▶ [Aim of the task]: Search the records for the string "data" and return each line that has it.

━━━ Provided material ━━━

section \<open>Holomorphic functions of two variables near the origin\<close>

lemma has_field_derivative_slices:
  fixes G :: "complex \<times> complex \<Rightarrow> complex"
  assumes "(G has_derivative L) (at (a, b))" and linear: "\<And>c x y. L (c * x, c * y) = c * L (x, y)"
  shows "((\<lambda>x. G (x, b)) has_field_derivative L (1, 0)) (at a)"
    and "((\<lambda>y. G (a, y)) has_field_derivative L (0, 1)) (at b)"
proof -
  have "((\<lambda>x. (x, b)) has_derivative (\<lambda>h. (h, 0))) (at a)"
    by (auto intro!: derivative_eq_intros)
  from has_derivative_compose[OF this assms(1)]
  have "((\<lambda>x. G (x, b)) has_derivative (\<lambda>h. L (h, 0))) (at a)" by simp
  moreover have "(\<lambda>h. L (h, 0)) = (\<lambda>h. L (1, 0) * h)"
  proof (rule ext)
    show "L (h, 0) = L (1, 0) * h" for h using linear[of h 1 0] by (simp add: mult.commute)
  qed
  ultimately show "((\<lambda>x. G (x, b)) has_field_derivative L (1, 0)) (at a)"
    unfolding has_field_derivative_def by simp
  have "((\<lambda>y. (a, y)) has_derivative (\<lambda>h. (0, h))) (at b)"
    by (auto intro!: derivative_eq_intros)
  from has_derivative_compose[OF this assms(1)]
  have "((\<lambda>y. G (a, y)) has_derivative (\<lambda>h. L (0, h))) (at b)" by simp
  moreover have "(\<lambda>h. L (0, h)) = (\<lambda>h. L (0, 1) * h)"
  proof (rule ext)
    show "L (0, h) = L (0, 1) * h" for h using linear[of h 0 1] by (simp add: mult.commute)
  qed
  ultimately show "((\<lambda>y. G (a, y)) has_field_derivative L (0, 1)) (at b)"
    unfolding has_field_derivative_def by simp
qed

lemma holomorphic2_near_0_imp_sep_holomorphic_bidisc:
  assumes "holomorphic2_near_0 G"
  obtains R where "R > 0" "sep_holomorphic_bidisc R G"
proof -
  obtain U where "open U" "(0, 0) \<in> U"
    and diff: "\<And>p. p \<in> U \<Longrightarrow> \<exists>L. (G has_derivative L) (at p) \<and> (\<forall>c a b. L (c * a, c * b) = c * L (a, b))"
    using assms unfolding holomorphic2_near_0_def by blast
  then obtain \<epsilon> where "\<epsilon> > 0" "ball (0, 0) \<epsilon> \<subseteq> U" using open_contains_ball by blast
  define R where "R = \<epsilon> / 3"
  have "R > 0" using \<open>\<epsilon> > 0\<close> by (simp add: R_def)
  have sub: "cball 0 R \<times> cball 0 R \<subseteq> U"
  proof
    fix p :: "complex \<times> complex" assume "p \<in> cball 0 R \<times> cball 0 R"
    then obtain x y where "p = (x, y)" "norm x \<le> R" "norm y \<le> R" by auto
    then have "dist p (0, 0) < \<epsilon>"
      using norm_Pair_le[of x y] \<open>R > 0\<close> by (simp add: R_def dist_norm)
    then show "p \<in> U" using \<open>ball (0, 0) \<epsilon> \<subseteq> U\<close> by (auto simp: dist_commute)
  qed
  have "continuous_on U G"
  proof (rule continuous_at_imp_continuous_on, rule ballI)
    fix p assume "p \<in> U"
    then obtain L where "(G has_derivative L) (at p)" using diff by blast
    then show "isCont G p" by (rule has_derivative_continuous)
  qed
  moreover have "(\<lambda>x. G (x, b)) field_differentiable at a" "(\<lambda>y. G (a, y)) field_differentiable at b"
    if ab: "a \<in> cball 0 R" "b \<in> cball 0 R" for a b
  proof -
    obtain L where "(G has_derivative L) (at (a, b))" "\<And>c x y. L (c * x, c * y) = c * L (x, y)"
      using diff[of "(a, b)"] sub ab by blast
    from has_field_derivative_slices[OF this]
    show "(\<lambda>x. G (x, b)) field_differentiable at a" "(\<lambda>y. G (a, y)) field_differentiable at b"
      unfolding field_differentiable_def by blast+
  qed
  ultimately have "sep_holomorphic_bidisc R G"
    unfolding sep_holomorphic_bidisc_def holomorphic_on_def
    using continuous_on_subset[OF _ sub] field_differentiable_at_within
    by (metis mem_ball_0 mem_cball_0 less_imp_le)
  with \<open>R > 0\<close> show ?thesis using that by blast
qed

━━━
━━━ Provided material ━━━

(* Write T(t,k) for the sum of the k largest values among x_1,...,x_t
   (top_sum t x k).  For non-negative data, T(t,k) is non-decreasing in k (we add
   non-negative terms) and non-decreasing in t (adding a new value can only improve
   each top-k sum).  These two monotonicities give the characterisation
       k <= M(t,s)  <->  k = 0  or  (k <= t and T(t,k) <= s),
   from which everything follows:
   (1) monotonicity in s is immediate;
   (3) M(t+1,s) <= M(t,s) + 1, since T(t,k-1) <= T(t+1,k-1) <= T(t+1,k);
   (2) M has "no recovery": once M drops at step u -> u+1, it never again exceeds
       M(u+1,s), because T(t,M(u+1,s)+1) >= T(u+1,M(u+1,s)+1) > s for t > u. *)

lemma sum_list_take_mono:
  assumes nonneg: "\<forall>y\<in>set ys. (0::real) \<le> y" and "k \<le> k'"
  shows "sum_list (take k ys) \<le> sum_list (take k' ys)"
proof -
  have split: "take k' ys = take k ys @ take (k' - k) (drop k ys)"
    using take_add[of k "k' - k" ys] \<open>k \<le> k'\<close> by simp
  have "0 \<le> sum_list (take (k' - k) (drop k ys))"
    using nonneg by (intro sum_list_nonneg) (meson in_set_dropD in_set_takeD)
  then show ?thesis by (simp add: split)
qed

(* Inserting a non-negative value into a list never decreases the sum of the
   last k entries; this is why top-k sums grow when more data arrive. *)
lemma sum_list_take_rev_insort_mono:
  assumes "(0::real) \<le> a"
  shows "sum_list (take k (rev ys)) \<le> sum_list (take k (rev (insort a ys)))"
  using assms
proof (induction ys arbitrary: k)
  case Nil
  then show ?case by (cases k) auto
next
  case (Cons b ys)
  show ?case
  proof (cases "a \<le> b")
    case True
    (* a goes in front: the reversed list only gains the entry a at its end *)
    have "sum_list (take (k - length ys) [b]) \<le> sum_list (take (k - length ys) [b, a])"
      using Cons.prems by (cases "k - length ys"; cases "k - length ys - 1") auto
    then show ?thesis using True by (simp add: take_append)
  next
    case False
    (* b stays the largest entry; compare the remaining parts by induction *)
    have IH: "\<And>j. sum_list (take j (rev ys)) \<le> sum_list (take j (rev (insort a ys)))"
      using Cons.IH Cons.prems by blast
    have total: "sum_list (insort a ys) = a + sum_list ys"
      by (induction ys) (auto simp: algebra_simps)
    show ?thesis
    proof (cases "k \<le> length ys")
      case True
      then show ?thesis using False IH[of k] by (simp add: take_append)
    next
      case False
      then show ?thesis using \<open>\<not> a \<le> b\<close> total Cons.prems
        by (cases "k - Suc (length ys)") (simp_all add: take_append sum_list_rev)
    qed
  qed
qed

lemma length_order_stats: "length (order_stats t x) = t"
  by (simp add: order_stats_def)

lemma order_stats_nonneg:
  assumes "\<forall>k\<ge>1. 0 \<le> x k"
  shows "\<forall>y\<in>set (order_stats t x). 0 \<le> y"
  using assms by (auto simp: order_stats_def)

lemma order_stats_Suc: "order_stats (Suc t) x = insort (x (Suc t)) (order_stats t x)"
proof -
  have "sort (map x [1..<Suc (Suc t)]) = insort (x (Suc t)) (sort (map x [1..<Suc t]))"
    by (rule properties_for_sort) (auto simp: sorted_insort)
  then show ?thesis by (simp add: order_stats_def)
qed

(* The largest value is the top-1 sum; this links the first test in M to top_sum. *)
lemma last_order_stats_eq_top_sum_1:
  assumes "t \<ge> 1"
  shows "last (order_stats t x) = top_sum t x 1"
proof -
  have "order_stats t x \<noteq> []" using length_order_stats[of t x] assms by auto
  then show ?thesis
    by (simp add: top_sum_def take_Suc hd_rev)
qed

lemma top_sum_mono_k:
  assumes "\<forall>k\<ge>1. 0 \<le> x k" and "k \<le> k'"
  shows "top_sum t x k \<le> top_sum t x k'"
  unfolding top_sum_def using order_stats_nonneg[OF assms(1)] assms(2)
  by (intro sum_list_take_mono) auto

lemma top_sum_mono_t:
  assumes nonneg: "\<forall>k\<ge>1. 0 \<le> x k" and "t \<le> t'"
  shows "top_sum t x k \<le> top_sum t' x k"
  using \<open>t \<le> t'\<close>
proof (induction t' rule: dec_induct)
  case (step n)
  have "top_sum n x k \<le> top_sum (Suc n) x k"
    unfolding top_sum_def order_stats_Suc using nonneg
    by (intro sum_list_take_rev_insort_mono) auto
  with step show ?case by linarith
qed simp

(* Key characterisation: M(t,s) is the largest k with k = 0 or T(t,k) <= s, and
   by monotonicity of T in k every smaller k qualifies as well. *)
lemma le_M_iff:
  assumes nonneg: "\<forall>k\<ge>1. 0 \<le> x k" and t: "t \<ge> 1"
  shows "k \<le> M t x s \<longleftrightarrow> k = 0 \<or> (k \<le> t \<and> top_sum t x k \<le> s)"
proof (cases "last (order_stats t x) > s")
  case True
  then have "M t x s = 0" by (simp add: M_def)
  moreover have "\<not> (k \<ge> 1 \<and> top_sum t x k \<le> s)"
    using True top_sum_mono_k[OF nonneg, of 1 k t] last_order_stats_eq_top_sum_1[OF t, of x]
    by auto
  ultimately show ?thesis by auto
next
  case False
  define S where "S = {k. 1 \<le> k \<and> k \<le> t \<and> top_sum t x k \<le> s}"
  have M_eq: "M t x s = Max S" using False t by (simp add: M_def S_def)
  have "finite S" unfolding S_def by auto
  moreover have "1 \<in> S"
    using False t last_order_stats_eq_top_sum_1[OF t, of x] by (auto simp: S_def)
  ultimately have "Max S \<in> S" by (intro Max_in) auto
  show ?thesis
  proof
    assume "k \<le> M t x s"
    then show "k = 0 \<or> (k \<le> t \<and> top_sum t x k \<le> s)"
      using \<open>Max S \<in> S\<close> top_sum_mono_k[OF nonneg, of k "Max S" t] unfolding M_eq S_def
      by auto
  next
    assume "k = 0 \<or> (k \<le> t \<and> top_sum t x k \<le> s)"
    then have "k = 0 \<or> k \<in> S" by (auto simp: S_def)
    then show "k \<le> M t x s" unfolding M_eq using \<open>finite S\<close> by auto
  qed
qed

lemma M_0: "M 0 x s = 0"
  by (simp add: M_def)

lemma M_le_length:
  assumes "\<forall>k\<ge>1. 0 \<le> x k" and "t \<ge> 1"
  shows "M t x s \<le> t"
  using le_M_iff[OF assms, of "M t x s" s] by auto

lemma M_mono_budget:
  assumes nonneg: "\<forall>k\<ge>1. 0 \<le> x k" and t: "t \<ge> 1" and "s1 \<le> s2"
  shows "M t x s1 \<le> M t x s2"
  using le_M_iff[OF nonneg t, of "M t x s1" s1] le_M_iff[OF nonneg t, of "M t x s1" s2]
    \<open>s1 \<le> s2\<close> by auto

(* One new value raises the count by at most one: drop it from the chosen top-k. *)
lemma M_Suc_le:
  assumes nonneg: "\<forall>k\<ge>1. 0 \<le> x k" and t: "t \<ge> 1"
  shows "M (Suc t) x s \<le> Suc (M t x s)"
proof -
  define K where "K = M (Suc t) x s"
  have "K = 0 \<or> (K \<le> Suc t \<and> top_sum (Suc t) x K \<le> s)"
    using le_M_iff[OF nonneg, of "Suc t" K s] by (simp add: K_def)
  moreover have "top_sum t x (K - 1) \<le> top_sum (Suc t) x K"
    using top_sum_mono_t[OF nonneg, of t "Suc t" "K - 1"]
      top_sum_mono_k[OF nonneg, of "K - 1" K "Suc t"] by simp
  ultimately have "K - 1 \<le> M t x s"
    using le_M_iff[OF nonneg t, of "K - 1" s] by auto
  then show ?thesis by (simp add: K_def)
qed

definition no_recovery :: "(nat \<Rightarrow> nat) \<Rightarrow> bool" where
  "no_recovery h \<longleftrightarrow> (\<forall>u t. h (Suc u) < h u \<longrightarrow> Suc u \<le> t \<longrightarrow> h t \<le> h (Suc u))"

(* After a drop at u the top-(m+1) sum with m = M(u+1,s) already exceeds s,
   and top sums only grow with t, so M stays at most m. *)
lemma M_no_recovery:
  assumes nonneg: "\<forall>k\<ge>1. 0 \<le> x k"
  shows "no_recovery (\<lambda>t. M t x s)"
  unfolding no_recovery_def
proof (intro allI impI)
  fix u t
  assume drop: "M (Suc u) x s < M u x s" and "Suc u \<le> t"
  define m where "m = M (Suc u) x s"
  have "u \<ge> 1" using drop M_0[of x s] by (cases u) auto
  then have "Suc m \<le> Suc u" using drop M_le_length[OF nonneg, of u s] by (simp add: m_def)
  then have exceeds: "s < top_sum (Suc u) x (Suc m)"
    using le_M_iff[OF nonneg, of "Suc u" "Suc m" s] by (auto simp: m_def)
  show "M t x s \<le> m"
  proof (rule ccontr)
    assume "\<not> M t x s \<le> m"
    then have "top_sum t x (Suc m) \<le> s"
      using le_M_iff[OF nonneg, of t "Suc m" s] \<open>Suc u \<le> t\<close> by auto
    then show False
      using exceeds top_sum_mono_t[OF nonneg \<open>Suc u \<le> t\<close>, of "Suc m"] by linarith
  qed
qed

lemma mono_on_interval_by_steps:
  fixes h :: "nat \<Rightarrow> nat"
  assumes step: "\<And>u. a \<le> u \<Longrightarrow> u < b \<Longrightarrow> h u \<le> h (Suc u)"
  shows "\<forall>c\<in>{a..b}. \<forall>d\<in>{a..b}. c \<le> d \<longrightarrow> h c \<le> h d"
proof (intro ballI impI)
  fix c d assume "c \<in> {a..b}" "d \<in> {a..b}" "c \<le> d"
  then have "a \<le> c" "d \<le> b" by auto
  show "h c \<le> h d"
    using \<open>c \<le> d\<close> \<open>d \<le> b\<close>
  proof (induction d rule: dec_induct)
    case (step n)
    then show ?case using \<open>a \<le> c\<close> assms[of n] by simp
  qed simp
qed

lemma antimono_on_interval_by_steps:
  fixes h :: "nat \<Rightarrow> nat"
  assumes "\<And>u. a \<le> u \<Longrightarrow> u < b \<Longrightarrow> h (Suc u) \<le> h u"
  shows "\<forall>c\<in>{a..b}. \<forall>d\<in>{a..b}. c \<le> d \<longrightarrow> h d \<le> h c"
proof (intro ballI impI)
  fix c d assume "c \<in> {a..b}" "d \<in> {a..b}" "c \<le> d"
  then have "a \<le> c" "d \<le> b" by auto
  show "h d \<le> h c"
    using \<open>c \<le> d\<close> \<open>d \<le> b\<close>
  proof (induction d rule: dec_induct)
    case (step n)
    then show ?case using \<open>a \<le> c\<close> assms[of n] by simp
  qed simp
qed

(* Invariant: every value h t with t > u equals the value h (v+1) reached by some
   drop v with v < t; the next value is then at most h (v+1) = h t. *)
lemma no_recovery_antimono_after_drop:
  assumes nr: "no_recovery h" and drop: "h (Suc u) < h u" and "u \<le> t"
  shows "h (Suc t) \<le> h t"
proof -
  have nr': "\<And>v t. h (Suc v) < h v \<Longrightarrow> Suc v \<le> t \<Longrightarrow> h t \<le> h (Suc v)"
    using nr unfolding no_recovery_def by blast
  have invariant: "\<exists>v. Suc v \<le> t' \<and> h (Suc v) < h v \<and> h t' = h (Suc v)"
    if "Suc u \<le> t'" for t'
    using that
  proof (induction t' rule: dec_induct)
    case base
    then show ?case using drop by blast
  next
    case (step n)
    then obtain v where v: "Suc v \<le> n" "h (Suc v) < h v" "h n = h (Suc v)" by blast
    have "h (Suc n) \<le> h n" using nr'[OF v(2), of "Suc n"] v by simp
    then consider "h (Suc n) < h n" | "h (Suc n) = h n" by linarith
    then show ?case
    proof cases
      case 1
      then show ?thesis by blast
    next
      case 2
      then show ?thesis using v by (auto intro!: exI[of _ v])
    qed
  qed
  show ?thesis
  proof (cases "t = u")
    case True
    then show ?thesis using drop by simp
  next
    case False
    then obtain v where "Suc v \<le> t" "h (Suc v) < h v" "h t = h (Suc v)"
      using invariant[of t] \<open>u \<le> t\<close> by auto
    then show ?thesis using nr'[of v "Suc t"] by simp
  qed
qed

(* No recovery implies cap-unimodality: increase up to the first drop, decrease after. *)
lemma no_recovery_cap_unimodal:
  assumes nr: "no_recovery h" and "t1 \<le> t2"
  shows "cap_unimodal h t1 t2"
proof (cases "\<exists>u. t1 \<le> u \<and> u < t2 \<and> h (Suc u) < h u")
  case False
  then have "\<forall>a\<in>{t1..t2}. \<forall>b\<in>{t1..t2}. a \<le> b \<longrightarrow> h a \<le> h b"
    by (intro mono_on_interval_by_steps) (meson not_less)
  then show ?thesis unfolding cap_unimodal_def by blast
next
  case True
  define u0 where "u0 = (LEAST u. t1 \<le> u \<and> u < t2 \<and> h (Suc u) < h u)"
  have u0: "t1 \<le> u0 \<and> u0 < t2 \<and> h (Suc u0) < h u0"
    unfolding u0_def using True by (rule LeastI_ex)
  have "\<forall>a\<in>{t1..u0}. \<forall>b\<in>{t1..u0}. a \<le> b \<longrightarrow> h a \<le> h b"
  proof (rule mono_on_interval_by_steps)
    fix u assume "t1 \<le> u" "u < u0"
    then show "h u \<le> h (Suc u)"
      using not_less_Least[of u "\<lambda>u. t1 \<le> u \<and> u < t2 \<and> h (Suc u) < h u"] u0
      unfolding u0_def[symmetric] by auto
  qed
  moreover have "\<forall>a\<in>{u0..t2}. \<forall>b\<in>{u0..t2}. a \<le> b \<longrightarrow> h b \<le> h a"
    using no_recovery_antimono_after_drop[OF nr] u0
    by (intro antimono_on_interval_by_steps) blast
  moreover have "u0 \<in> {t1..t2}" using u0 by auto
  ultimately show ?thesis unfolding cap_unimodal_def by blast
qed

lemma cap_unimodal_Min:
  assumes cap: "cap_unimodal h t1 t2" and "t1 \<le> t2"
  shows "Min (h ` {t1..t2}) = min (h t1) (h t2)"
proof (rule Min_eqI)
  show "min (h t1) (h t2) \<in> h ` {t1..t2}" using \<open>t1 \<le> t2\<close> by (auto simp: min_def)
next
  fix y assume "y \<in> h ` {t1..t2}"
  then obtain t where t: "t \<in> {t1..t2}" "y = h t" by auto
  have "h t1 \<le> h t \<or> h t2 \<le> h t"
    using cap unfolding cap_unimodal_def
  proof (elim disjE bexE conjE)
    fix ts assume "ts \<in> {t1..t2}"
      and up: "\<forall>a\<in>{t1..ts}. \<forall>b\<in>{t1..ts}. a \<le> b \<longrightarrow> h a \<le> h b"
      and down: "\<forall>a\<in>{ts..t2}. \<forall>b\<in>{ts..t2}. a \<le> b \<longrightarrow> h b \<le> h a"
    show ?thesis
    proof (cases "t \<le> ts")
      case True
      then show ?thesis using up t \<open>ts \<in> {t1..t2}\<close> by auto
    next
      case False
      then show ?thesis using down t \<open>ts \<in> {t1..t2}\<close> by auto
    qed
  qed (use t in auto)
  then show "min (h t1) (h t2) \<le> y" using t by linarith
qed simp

━━━

▶ [Exercise output]:
   (top_sum t x k).  For non-negative data, T(t,k) is non-decreasing in k (we add
   last k entries; this is why top-k sums grow when more data arrive. *)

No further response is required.